Description of the task
Copy verbatim the block of lines in the entries below whose first line contains "v = (\<lambda>i." and whose last line contains "under gcd, a". Leave out all other lines.

Data to examine
(* Let $k\ge 2$ and $l=2^{k-1}$. Then: (a),(b) the sequence $(d_n(k))_{n\ge k+1}$ is periodic with least period exactly $l$, i.e. $d_{n+l}(k)=d_n(k)$ for all $n\ge k+1$ and no smaller positive integer has this property; (c) $d_{n+l/2}(k)-d_n(k)\in\{5,-5\}$ for all $n\ge k+1$; (d) for each digit $j\in\{0,\dots,9\}$, the number of indices $i\in\{k+1,k+2,\dots,k+l\}$ with $d_i(k)=j$ equals the $j$-th component of the vector $A^{k-1}u\in\mathbb{Z}^{10}$, where components are indexed $0,\dots,9$, $A$ is the $10\times10$ matrix with rows and columns indexed by $0,\dots,9$ given by $A_{ij}=1$ if $\lfloor j/2\rfloor\equiv i\pmod 5$ and $A_{ij}=0$ otherwise (so row $i$ has ones exactly in columns $2(i\bmod 5)$ and $2(i\bmod 5)+1$), and $u$ is the vector whose component $2$ equals $1$ and all other components equal $0$.
   Context: For integers $n\ge0$ and $k\ge0$, $d_n(k)\in\{0,\dots,9\}$ denotes the $k$-th decimal digit of $5^n$ counted from the right starting at $k=0$, i.e. $5^n=\sum_{k\ge0} d_n(k)10^k$ (with $d_n(k)=0$ for $k$ beyond the length of $5^n$). *)

theory Defs
  imports Main
begin

definition d :: "nat \<Rightarrow> nat \<Rightarrow> nat" where
  "d n k = (5 ^ n div 10 ^ k) mod 10"

definition matA :: "nat \<Rightarrow> nat \<Rightarrow> int" where
  "matA i j = (if (j div 2) mod 5 = i mod 5 then 1 else 0)"

definition matvec :: "(nat \<Rightarrow> nat \<Rightarrow> int) \<Rightarrow> (nat \<Rightarrow> int) \<Rightarrow> (nat \<Rightarrow> int)" where
  "matvec M v = (\<lambda>i. \<Sum>j<10. M i j * v j)"

definition vecU :: "nat \<Rightarrow> int" where
  "vecU j = (if j = 2 then 1 else 0)"

end

theory Submission
  imports Defs "HOL-Computational_Algebra.Primes"
begin

text \<open>Induction on \<open>m\<close> gives \<open>5^(2^m) = 1 + 2^(m+2) t\<close> with \<open>t\<close> odd. Hence for \<open>k = m + 2\<close>
  and \<open>n > k\<close> we get \<open>5^(n + 2^m) = 5^n + 10^k Q\<close> with \<open>Q\<close> an odd multiple of 5, so adding
  \<open>2^(k-2)\<close> to the exponent adds 5 to the \<open>k\<close>-th digit modulo 10. This gives the period
  \<open>2^(k-1)\<close> and the jump by \<open>\<plusminus>5\<close> at half period; since periods are closed under gcd, a
  smaller period would make \<open>2^(k-2)\<close> a period, which that jump forbids.
  For the counts, \<open>5^(n+1) div 10^(k+1) = 5^n div (2 \<cdot> 10^k)\<close> gives
  \<open>d (n+1) (k+1) mod 5 = d n k div 2\<close>. The two halves of a period window at position \<open>k+1\<close>
  carry the digits \<open>x\<close> and \<open>(x + 5) mod 10\<close>, exactly one of which is \<open>j\<close> iff
  \<open>x mod 5 = j mod 5\<close>; so digit \<open>j\<close> occurs at position \<open>k+1\<close> as often as the digits
  \<open>2(j mod 5)\<close> and \<open>2(j mod 5)+1\<close> at position \<open>k\<close> together, which is one application of \<open>A\<close>.\<close>

definition periodic_from :: "nat \<Rightarrow> (nat \<Rightarrow> 'a) \<Rightarrow> nat \<Rightarrow> bool" where
  "periodic_from N f p \<longleftrightarrow> (\<forall>n\<ge>N. f (n + p) = f n)"

lemma periodic_from_add:
  assumes "periodic_from N f p" "periodic_from N f q"
  shows "periodic_from N f (p + q)"
  using assms unfolding periodic_from_def by (metis add.assoc le_add1 order_trans)

lemma periodic_from_mult:
  assumes "periodic_from N f p"
  shows "periodic_from N f (c * p)"
proof (induction c)
  case 0
  show ?case by (simp add: periodic_from_def)
next
  case (Suc c)
  then show ?case using periodic_from_add[OF assms] by simp
qed

lemma periodic_from_dvd:
  assumes "periodic_from N f p" "p dvd q"
  shows "periodic_from N f q"
  using assms periodic_from_mult by (metis dvd_def mult.commute)

lemma periodic_from_diff:
  assumes "periodic_from N f p" "periodic_from N f (p + q)"
  shows "periodic_from N f q"
  using assms unfolding periodic_from_def by (metis add.commute add.left_commute le_add2 order_trans)

lemma periodic_from_gcd:
  assumes p: "periodic_from N f p" and q: "periodic_from N f q"
  shows "periodic_from N f (gcd p q)"
proof (cases "p = 0")
  case True
  then show ?thesis using q by simp
next
  case False
  then obtain x y where "p * x = q * y + gcd p q" using bezout_nat by blast
  then show ?thesis
    using periodic_from_diff periodic_from_mult[OF p, of x] periodic_from_mult[OF q, of y]
    by (metis mult.commute)
qed

lemma five_pow_two_pow: "\<exists>t. odd t \<and> (5::nat) ^ 2 ^ m = 1 + 2 ^ (m + 2) * t"
proof (induction m)
  case 0
  show ?case by (rule exI[of _ 1]) simp
next
  case (Suc m)
  then obtain t where t: "odd t" "(5::nat) ^ 2 ^ m = 1 + 2 ^ (m + 2) * t" by blast
  have "(5::nat) ^ 2 ^ Suc m = (5 ^ 2 ^ m)\<^sup>2" by (simp add: power_mult[symmetric] mult.commute)
  also have "\<dots> = 1 + 2 ^ (Suc m + 2) * (t + 2 ^ (m + 1) * t\<^sup>2)"
    unfolding t(2) by (simp add: power_add power2_eq_square algebra_simps)
  finally show ?case using t(1) by (intro exI[of _ "t + 2 ^ (m + 1) * t\<^sup>2"]) simp
qed

lemma digit_add_pow10_mult: "((m::nat) + 10 ^ k * q) div 10 ^ k mod 10 = (m div 10 ^ k + q) mod 10"
  by (simp add: add.commute)

lemma d_less_10: "d n k < 10"
  by (simp add: d_def)

lemma five_pow_add_two_pow:
  assumes "n > k + 2"
  obtains Q where "Q mod 10 = 5" "(5::nat) ^ (n + 2 ^ k) = 5 ^ n + 10 ^ (k + 2) * Q"
proof -
  obtain t where t: "odd t" "(5::nat) ^ 2 ^ k = 1 + 2 ^ (k + 2) * t"
    using five_pow_two_pow by blast
  have "k + 2 + (n - (k + 2)) = n" using assms by simp
  then have split: "(5::nat) ^ n = 5 ^ (k + 2) * 5 ^ (n - (k + 2))"
    by (simp only: power_add[symmetric])
  have "(5::nat) ^ (n + 2 ^ k) = 5 ^ n + 5 ^ n * 2 ^ (k + 2) * t"
    by (simp add: power_add t(2) algebra_simps)
  also have "5 ^ n * 2 ^ (k + 2) * t = (5 ^ (k + 2) * 2 ^ (k + 2)) * (5 ^ (n - (k + 2)) * t)"
    unfolding split by (simp only: ac_simps)
  also have "(5::nat) ^ (k + 2) * 2 ^ (k + 2) = 10 ^ (k + 2)"
    by (simp flip: power_mult_distrib)
  finally have pow: "(5::nat) ^ (n + 2 ^ k) = 5 ^ n + 10 ^ (k + 2) * (5 ^ (n - (k + 2)) * t)" .
  have "odd (5 ^ (n - (k + 2)) * t)" "5 dvd (5 ^ (n - (k + 2)) * t)"
    using t(1) assms by simp_all
  then have "(5 ^ (n - (k + 2)) * t) mod 10 = 5" by presburger
  then show ?thesis using pow by (rule that)
qed

lemma d_add_half_period:
  assumes "n > k + 2"
  shows "d (n + 2 ^ k) (k + 2) = (d n (k + 2) + 5) mod 10"
proof -
  obtain Q where Q: "Q mod 10 = 5" and pow: "(5::nat) ^ (n + 2 ^ k) = 5 ^ n + 10 ^ (k + 2) * Q"
    using five_pow_add_two_pow[OF assms] .
  have "d (n + 2 ^ k) (k + 2) = (5 ^ n div 10 ^ (k + 2) + Q) mod 10"
    unfolding d_def pow digit_add_pow10_mult ..
  also have "\<dots> = (5 ^ n div 10 ^ (k + 2) + 5) mod 10"
    by (metis Q mod_add_right_eq)
  also have "\<dots> = (d n (k + 2) + 5) mod 10"
    unfolding d_def by (rule mod_add_left_eq[symmetric])
  finally show ?thesis .
qed

lemma add_5_mod_10:
  fixes x :: nat
  assumes "x < 10"
  shows "(x + 5) mod 10 = (if x < 5 then x + 5 else x - 5)"
  using assms by (simp add: mod_if)

lemma add_5_mod_10_neq:
  fixes x :: nat
  assumes "x < 10"
  shows "(x + 5) mod 10 \<noteq> x"
  using assms by (auto simp: add_5_mod_10)

lemma add_5_mod_10_eq_iff_mod_5_eq:
  fixes x j :: nat
  assumes "x < 10" "j < 10"
  shows "x = j \<or> (x + 5) mod 10 = j \<longleftrightarrow> x mod 5 = j mod 5"
proof -
  have mod5: "n mod 5 = (if n < 5 then n else n - 5)" if "n < 10" for n :: nat
    using that by (simp add: mod_if)
  show ?thesis
    using assms by (simp add: mod5 add_5_mod_10) arith
qed

lemma of_bool_add_of_bool_eq:
  assumes "\<not> (P \<and> Q)" "\<not> (R \<and> S)" "P \<or> Q \<longleftrightarrow> R \<or> S"
  shows "of_bool P + of_bool Q = (of_bool R + of_bool S :: 'a::semiring_1)"
  using assms by auto

lemma d_period:
  assumes "n > k + 2"
  shows "d (n + 2 ^ (k + 1)) (k + 2) = d n (k + 2)"
proof -
  have "d (n + 2 ^ (k + 1)) (k + 2) = d ((n + 2 ^ k) + 2 ^ k) (k + 2)"
    by (simp add: mult_2 add.assoc)
  also have "\<dots> = ((d n (k + 2) + 5) mod 10 + 5) mod 10"
    using assms d_add_half_period[of k n] d_add_half_period[of k "n + 2 ^ k"] by simp
  also have "\<dots> = d n (k + 2)"
    by (simp add: mod_add_left_eq d_less_10)
  finally show ?thesis .
qed

lemma d_not_periodic_below:
  assumes "0 < p" "p < 2 ^ (k + 1)"
  shows "\<not> periodic_from (k + 3) (\<lambda>n. d n (k + 2)) p"
proof
  let ?f = "\<lambda>n. d n (k + 2)"
  assume "periodic_from (k + 3) ?f p"
  moreover have "periodic_from (k + 3) ?f (2 ^ (k + 1))"
    using d_period[of k] by (simp add: periodic_from_def)
  ultimately have gcd_period: "periodic_from (k + 3) ?f (gcd p (2 ^ (k + 1)))"
    by (rule periodic_from_gcd)
  obtain i where i: "gcd p (2 ^ (k + 1)) = 2 ^ i"
    using divides_primepow_nat[of 2 _ "k + 1"] by auto
  have "gcd p (2 ^ (k + 1)) \<le> p"
    using assms(1) by (simp add: gcd_le1_nat)
  with assms(2) i have "(2::nat) ^ i < 2 ^ (k + 1)"
    by linarith
  then have "i < k + 1"
    by (rule power_less_imp_less_exp[rotated]) simp
  then have "2 ^ i dvd (2::nat) ^ k"
    by (simp add: le_imp_power_dvd)
  then have "periodic_from (k + 3) ?f (2 ^ k)"
    using periodic_from_dvd[OF gcd_period] i by simp
  then have "d (k + 3 + 2 ^ k) (k + 2) = d (k + 3) (k + 2)"
    by (simp add: periodic_from_def)
  moreover have "d (k + 3 + 2 ^ k) (k + 2) = (d (k + 3) (k + 2) + 5) mod 10"
    by (rule d_add_half_period) simp
  ultimately have "(d (k + 3) (k + 2) + 5) mod 10 = d (k + 3) (k + 2)"
    by simp
  then show False
    using add_5_mod_10_neq[OF d_less_10] by blast
qed

lemma div_2_mod_5: "(a::nat) div 2 mod 5 = a mod 10 div 2"
  using mod_mult2_eq[of a 2 5] by simp

lemma d_Suc_Suc_mod_5: "d (Suc n) (Suc k) mod 5 = d n k div 2"
proof -
  have "(5::nat) ^ Suc n div 10 ^ Suc k = 5 ^ n div (10 ^ k * 2)"
    using div_mult_mult1[of 5 "5 ^ n" "10 ^ k * 2"] by (simp add: ac_simps)
  then show ?thesis
    unfolding d_def by (simp add: div_mult2_eq mod_mod_cancel div_2_mod_5)
qed

definition digit_count :: "nat \<Rightarrow> nat \<Rightarrow> nat" where
  "digit_count k j = card {i \<in> {k + 1..k + 2 ^ (k - 1)}. d i k = j}"

lemma card_filter_atLeastAtMost_eq_sum:
  fixes a m :: nat
  shows "card {i \<in> {a + 1..a + m}. P i} = (\<Sum>i<m. of_bool (P (a + 1 + i)))"
proof -
  have "{a + 1..a + m} = {a + 1..<a + 1 + m}" by auto
  then have "card {i \<in> {a + 1..a + m}. P i} = (\<Sum>i\<in>{a + 1..<a + 1 + m}. of_bool (P i))"
    by (simp only: card_eq_sum sum.inter_filter[OF finite_atLeastLessThan] of_bool_def)
  also have "\<dots> = (\<Sum>i<m. of_bool (P (a + 1 + i)))"
    using sum.shift_bounds_nat_ivl[of "\<lambda>i. of_bool (P i)" 0 "a + 1" m]
    by (simp only: lessThan_atLeast0 add_0 add.commute)
  finally show ?thesis .
qed

lemma sum_lessThan_double:
  fixes f :: "nat \<Rightarrow> 'a::comm_monoid_add"
  shows "(\<Sum>i<h + h. f i) = (\<Sum>i<h. f i + f (i + h))"
proof -
  have "(\<Sum>i<h + h. f i) = (\<Sum>i\<in>{0..<h}. f i) + (\<Sum>i\<in>{h..<h + h}. f i)"
    by (simp only: lessThan_atLeast0 sum.atLeastLessThan_concat le_add1)
  also have "\<dots> = (\<Sum>i<h. f i) + (\<Sum>i<h. f (i + h))"
    using sum.shift_bounds_nat_ivl[of f 0 h h] by (simp add: lessThan_atLeast0)
  finally show ?thesis
    by (simp only: sum.distrib)
qed

lemma digit_count_recurrence:
  assumes "j < 10"
  shows "digit_count (k + 2) j = digit_count (k + 1) (2 * (j mod 5)) + digit_count (k + 1) (2 * (j mod 5) + 1)"
proof -
  let ?c = "j mod 5"
  have pair: "of_bool (d (k + 2 + 1 + i) (k + 2) = j) + of_bool (d (k + 2 + 1 + (i + 2 ^ k)) (k + 2) = j)
      = of_bool (d (k + 1 + 1 + i) (k + 1) = 2 * ?c) + (of_bool (d (k + 1 + 1 + i) (k + 1) = 2 * ?c + 1) :: nat)"
    for i
  proof -
    let ?x = "d (k + 2 + 1 + i) (k + 2)" and ?y = "d (k + 1 + 1 + i) (k + 1)"
    have "d (k + 2 + 1 + (i + 2 ^ k)) (k + 2) = (?x + 5) mod 10"
      using d_add_half_period[of k "k + 2 + 1 + i"] by (simp add: add.assoc)
    moreover have "\<not> (?x = j \<and> (?x + 5) mod 10 = j)"
      using add_5_mod_10_neq[OF d_less_10] by blast
    moreover have "?x = j \<or> (?x + 5) mod 10 = j \<longleftrightarrow> ?y div 2 = ?c"
      using add_5_mod_10_eq_iff_mod_5_eq[OF d_less_10 assms, of "k + 2 + 1 + i" "k + 2"]
        d_Suc_Suc_mod_5[of "k + 1 + 1 + i" "k + 1"] by simp
    moreover have "?y div 2 = ?c \<longleftrightarrow> ?y = 2 * ?c \<or> ?y = 2 * ?c + 1"
      by auto
    ultimately show ?thesis
      by (intro of_bool_add_of_bool_eq) simp_all
  qed
  have window: "(2::nat) ^ (k + 2 - 1) = 2 ^ k + 2 ^ k" "(2::nat) ^ (k + 1 - 1) = 2 ^ k"
    by simp_all
  have "digit_count (k + 2) j = (\<Sum>i<2 ^ k + 2 ^ k. of_bool (d (k + 2 + 1 + i) (k + 2) = j))"
    unfolding digit_count_def window by (rule card_filter_atLeastAtMost_eq_sum)
  also have "\<dots> = (\<Sum>i<2 ^ k. of_bool (d (k + 1 + 1 + i) (k + 1) = 2 * ?c)
      + of_bool (d (k + 1 + 1 + i) (k + 1) = 2 * ?c + 1))"
    unfolding sum_lessThan_double by (simp only: pair)
  also have "\<dots> = digit_count (k + 1) (2 * ?c) + digit_count (k + 1) (2 * ?c + 1)"
    unfolding digit_count_def window card_filter_atLeastAtMost_eq_sum by (rule sum.distrib)
  finally show ?thesis .
qed

lemma matvec_matA: "matvec matA v i = v (2 * (i mod 5)) + v (2 * (i mod 5) + 1)"
proof -
  have "matvec matA v i = (\<Sum>j<10. v j * of_bool ((j div 2) mod 5 = i mod 5))"
    unfolding matvec_def by (rule sum.cong) (simp_all add: matA_def)
  also have "\<dots> = (\<Sum>j\<in>{2 * (i mod 5), 2 * (i mod 5) + 1}. v j)"
  proof -
    have "{..<10} \<inter> {j. (j div 2) mod 5 = i mod 5} = {2 * (i mod 5), 2 * (i mod 5) + 1}"
      by auto
    then show ?thesis by (simp only: sum_mult_of_bool_eq[OF finite_lessThan])
  qed
  also have "\<dots> = v (2 * (i mod 5)) + v (2 * (i mod 5) + 1)"
    by simp
  finally show ?thesis .
qed

lemma digit_count_eq_matvec_power:
  assumes "j < 10"
  shows "int (digit_count (k + 1) j) = (matvec matA ^^ k) vecU j"
  using assms
proof (induction k arbitrary: j)
  case 0
  have "{i \<in> {0 + 1 + 1..0 + 1 + 2 ^ 0}. d i (0 + 1) = j} = (if j = 2 then {2} else {})"
    by (auto simp: d_def)
  then show ?case by (simp add: digit_count_def vecU_def)
next
  case (Suc k)
  then show ?case
    using digit_count_recurrence[of j k] by (simp add: matvec_matA)
qed

theorem theorem10p2:
  fixes k :: nat
  assumes "k \<ge> 2"
  shows "(\<forall>n\<ge>k+1. d (n + 2^(k-1)) k = d n k)
    \<and> (\<forall>p. 0 < p \<and> p < 2^(k-1) \<longrightarrow> \<not> (\<forall>n\<ge>k+1. d (n + p) k = d n k))
    \<and> (\<forall>n\<ge>k+1. int (d (n + 2^(k-1) div 2) k) - int (d n k) \<in> {5, -5})
    \<and> (\<forall>j<10. int (card {i \<in> {k+1..k + 2^(k-1)}. d i k = j}) = ((matvec matA ^^ (k-1)) vecU) j)"
proof -
  obtain m where k: "k = m + 2"
    using assms le_Suc_ex by (metis add.commute)
  have period: "d (n + 2 ^ (k - 1)) k = d n k" if "n \<ge> k + 1" for n
    using that d_period[of m n] by (simp add: k)
  have minimal: "\<not> (\<forall>n\<ge>k + 1. d (n + p) k = d n k)" if "0 < p" "p < 2 ^ (k - 1)" for p
    using that d_not_periodic_below[of p m] by (simp add: k periodic_from_def numeral_3_eq_3)
  have half: "int (d (n + 2 ^ (k - 1) div 2) k) - int (d n k) \<in> {5, -5}" if "n \<ge> k + 1" for n
    using that d_add_half_period[of m n] add_5_mod_10[OF d_less_10, of n k] by (simp add: k)
  have count: "int (card {i \<in> {k + 1..k + 2 ^ (k - 1)}. d i k = j}) = (matvec matA ^^ (k - 1)) vecU j"
    if "j < 10" for j
    using digit_count_eq_matvec_power[OF that, of "m + 1"] by (simp add: k digit_count_def)
  show ?thesis
    using period minimal half count by blast
qed

end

Response below
  "matvec M v = (\<lambda>i. \<Sum>j<10. M i j * v j)"

definition vecU :: "nat \<Rightarrow> int" where
  "vecU j = (if j = 2 then 1 else 0)"

end

theory Submission
  imports Defs "HOL-Computational_Algebra.Primes"
begin

text \<open>Induction on \<open>m\<close> gives \<open>5^(2^m) = 1 + 2^(m+2) t\<close> with \<open>t\<close> odd. Hence for \<open>k = m + 2\<close>
  and \<open>n > k\<close> we get \<open>5^(n + 2^m) = 5^n + 10^k Q\<close> with \<open>Q\<close> an odd multiple of 5, so adding
  \<open>2^(k-2)\<close> to the exponent adds 5 to the \<open>k\<close>-th digit modulo 10. This gives the period
  \<open>2^(k-1)\<close> and the jump by \<open>\<plusminus>5\<close> at half period; since periods are closed under gcd, a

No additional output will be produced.